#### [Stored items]
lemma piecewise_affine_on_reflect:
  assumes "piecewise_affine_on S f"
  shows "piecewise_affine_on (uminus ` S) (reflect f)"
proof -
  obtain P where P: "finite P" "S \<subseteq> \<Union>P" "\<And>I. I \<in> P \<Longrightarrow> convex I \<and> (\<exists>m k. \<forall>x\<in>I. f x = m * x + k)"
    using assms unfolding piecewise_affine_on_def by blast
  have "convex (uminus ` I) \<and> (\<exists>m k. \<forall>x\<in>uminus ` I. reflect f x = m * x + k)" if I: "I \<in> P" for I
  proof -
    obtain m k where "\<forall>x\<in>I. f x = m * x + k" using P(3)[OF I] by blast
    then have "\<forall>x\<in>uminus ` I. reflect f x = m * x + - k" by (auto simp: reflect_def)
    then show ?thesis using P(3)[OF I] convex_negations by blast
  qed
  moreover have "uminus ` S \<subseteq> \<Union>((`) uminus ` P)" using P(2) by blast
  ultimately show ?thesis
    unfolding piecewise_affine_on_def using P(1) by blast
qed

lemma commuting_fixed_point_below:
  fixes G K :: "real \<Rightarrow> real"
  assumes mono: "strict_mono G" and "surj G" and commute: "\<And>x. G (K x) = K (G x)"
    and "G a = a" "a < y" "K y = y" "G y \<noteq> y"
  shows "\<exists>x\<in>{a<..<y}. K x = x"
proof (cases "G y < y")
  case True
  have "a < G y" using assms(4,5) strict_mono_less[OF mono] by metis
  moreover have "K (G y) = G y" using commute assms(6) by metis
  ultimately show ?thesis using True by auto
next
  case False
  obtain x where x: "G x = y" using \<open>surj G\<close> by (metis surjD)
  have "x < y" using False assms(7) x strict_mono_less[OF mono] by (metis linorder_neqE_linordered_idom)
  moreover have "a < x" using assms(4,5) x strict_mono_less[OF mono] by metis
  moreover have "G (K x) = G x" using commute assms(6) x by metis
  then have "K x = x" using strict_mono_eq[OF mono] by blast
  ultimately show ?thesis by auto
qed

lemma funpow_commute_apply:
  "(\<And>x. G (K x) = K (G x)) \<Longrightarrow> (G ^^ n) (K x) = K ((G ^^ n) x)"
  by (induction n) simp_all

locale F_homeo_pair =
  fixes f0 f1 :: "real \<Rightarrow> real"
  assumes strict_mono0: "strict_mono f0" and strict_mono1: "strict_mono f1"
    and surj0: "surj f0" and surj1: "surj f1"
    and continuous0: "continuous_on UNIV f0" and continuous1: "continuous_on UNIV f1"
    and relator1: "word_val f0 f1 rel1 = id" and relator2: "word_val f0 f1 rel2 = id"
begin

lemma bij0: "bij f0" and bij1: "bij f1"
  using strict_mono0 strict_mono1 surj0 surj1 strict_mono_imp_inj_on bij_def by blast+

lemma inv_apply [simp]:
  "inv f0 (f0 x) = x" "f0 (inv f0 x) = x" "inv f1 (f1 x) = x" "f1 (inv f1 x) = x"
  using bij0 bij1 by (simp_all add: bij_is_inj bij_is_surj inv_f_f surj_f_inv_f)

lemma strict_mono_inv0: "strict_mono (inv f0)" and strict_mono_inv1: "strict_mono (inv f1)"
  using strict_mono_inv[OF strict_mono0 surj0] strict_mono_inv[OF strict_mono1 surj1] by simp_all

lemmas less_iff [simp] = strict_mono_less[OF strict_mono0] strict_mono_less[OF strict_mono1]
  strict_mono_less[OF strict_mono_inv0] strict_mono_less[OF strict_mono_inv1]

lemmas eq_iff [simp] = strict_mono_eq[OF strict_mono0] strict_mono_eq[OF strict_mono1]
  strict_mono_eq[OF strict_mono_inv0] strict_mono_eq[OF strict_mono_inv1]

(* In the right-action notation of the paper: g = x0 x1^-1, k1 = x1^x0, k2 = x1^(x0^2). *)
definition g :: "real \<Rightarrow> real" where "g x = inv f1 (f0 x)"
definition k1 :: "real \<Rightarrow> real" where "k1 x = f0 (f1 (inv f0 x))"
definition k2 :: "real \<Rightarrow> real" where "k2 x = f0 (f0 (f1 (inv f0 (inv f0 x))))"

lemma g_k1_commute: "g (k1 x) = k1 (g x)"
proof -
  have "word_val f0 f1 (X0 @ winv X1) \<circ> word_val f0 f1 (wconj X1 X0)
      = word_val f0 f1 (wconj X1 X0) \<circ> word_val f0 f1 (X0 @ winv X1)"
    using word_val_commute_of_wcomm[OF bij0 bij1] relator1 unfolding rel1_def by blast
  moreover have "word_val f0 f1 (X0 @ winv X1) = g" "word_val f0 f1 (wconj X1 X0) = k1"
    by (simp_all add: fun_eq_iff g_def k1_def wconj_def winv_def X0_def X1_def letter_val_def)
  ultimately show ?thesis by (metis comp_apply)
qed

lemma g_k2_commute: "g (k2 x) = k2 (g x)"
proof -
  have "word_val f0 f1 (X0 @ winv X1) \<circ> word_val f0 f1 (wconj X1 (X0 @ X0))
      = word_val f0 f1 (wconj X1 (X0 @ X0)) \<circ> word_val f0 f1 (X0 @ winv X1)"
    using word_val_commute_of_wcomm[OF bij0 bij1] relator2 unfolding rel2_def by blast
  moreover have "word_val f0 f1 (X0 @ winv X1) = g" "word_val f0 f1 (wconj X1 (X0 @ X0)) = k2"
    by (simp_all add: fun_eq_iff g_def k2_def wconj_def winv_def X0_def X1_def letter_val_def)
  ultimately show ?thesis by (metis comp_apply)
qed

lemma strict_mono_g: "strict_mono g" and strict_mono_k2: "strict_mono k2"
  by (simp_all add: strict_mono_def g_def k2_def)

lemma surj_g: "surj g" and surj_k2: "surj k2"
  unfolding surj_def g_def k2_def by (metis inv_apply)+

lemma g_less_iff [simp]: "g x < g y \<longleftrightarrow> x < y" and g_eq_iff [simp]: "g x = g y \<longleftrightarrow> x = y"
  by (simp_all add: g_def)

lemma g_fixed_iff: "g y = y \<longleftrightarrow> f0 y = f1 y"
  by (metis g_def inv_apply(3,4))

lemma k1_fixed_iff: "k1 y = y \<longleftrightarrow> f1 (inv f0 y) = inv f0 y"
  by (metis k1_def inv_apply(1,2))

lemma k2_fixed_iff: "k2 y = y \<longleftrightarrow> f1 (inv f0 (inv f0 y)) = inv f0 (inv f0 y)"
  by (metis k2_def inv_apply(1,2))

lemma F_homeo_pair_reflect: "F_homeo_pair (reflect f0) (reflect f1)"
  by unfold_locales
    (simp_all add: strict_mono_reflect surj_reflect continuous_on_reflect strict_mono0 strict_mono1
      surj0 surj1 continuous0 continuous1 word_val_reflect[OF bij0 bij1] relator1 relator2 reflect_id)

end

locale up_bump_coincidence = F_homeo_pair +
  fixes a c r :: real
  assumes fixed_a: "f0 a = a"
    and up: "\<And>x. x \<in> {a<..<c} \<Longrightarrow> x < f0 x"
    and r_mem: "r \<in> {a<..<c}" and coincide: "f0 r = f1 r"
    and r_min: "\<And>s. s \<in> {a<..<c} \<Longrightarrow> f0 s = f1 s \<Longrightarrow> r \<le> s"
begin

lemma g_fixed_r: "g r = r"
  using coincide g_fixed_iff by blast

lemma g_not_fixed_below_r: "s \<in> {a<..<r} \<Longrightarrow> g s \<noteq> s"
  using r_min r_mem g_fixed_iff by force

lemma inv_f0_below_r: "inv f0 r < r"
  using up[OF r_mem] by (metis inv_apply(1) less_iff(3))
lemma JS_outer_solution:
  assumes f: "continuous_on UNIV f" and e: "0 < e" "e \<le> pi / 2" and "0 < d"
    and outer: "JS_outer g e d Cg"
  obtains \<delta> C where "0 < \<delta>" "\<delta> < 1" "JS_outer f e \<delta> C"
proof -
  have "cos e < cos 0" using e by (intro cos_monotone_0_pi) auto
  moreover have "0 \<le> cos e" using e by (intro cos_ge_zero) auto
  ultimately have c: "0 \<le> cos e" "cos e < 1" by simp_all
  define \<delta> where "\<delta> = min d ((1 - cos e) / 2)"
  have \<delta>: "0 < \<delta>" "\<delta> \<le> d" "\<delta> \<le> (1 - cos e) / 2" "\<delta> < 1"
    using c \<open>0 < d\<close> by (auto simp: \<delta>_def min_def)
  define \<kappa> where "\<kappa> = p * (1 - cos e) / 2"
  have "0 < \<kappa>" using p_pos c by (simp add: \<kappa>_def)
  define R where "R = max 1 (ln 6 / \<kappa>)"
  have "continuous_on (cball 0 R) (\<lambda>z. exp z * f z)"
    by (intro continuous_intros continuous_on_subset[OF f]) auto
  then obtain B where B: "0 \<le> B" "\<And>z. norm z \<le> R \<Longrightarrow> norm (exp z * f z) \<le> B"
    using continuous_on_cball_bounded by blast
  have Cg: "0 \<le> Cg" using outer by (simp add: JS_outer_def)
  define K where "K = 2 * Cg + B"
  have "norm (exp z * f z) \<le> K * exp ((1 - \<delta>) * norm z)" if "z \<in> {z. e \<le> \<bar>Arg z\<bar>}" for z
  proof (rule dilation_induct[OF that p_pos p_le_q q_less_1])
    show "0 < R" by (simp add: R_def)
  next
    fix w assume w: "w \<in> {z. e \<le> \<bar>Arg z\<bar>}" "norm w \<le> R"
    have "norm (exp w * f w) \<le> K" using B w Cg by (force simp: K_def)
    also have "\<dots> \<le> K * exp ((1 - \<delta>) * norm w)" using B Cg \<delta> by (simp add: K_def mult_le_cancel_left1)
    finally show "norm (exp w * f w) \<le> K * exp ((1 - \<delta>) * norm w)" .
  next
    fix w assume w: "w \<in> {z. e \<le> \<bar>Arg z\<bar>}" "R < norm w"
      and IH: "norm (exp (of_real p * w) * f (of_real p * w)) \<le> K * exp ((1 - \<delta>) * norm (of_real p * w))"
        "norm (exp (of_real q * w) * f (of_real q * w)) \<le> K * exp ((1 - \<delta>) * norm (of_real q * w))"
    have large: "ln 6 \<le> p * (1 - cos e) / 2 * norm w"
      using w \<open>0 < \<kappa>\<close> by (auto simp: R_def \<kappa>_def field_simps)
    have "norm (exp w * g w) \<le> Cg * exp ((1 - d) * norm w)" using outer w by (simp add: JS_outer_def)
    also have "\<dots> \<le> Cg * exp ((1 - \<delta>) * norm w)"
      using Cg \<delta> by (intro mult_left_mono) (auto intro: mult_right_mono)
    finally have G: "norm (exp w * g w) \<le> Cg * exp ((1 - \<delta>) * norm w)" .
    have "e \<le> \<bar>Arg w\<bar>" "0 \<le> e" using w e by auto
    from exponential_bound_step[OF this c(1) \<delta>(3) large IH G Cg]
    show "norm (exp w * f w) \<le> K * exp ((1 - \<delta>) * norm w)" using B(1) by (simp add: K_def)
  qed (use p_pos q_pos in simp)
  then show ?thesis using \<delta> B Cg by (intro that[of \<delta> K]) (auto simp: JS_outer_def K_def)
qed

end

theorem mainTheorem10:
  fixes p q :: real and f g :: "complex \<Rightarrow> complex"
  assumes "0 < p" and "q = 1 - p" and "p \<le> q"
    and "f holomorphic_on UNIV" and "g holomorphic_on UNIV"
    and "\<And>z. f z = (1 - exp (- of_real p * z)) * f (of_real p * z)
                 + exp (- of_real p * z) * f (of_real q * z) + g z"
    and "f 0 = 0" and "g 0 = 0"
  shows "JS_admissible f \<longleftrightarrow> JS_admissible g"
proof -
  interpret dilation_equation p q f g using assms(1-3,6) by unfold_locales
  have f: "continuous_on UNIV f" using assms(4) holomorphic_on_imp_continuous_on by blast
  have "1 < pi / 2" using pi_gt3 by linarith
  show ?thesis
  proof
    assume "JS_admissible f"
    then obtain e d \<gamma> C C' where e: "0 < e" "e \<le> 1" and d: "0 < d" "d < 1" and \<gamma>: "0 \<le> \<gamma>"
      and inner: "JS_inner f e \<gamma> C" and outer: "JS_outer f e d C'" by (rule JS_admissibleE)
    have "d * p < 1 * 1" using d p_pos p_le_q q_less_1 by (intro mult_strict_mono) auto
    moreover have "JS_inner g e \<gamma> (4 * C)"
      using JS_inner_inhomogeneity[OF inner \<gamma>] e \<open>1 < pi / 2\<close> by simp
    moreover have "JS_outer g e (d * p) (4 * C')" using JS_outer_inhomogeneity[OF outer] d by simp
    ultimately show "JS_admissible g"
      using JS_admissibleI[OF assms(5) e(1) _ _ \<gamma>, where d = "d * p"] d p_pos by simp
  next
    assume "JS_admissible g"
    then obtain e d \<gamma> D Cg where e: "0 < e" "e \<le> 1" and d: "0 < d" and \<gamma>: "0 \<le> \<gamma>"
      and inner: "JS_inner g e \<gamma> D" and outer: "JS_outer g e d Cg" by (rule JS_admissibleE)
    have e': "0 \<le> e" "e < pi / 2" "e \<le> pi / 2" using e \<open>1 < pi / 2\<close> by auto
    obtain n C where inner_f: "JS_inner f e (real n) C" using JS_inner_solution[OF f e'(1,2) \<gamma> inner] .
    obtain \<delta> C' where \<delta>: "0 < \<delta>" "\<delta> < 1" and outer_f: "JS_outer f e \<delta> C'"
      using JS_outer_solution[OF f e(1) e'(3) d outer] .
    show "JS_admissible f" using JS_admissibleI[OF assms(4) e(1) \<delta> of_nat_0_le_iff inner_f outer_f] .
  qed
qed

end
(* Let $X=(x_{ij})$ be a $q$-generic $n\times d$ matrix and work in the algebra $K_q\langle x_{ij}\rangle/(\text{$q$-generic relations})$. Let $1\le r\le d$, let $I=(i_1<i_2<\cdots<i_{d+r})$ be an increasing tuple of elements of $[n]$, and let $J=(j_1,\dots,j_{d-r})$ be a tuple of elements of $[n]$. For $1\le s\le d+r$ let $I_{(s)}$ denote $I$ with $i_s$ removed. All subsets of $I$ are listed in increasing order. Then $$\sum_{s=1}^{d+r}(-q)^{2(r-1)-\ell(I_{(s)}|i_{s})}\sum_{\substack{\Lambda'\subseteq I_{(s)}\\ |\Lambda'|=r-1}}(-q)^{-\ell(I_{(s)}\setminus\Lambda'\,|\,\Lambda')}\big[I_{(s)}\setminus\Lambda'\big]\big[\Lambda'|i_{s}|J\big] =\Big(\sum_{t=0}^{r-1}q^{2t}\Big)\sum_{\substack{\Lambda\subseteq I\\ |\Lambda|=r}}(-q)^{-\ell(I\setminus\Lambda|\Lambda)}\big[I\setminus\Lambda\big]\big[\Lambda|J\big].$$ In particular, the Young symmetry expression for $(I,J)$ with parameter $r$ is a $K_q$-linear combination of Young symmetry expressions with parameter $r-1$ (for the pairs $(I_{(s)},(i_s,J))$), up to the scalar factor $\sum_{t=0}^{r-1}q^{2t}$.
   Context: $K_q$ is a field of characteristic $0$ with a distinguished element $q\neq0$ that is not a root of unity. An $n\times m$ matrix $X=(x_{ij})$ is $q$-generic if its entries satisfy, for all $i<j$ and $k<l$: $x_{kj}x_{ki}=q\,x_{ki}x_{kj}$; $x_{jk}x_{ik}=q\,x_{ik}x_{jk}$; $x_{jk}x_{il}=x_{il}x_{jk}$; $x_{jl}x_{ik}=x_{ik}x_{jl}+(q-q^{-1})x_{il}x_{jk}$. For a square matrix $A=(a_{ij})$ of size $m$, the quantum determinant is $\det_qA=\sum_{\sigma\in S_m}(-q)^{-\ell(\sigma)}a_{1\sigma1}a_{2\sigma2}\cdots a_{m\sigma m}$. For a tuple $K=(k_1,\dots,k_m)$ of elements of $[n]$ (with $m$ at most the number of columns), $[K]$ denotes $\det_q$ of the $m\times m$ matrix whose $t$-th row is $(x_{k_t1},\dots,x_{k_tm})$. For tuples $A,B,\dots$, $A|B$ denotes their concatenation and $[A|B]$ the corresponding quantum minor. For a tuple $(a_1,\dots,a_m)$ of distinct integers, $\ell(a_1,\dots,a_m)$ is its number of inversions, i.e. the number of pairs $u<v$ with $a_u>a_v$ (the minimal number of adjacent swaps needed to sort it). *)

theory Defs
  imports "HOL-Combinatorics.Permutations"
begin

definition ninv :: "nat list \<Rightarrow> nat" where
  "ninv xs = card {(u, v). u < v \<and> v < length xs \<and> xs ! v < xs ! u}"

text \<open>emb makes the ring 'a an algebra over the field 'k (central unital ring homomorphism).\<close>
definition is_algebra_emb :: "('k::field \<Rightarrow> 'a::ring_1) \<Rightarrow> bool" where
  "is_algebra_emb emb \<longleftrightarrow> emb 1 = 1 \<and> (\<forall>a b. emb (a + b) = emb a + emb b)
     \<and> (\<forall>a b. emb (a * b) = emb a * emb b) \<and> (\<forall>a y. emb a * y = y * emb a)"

#### [WHAT TO PRODUCE]
Scan the lines above for "lemmas eq_iff [simp]" and for "x = inv f1 (f0". Repeat exactly the line holding each of them and every line in between.

#### [RESULT]
lemmas eq_iff [simp] = strict_mono_eq[OF strict_mono0] strict_mono_eq[OF strict_mono1]
  strict_mono_eq[OF strict_mono_inv0] strict_mono_eq[OF strict_mono_inv1]

(* In the right-action notation of the paper: g = x0 x1^-1, k1 = x1^x0, k2 = x1^(x0^2). *)
definition g :: "real \<Rightarrow> real" where "g x = inv f1 (f0 x)"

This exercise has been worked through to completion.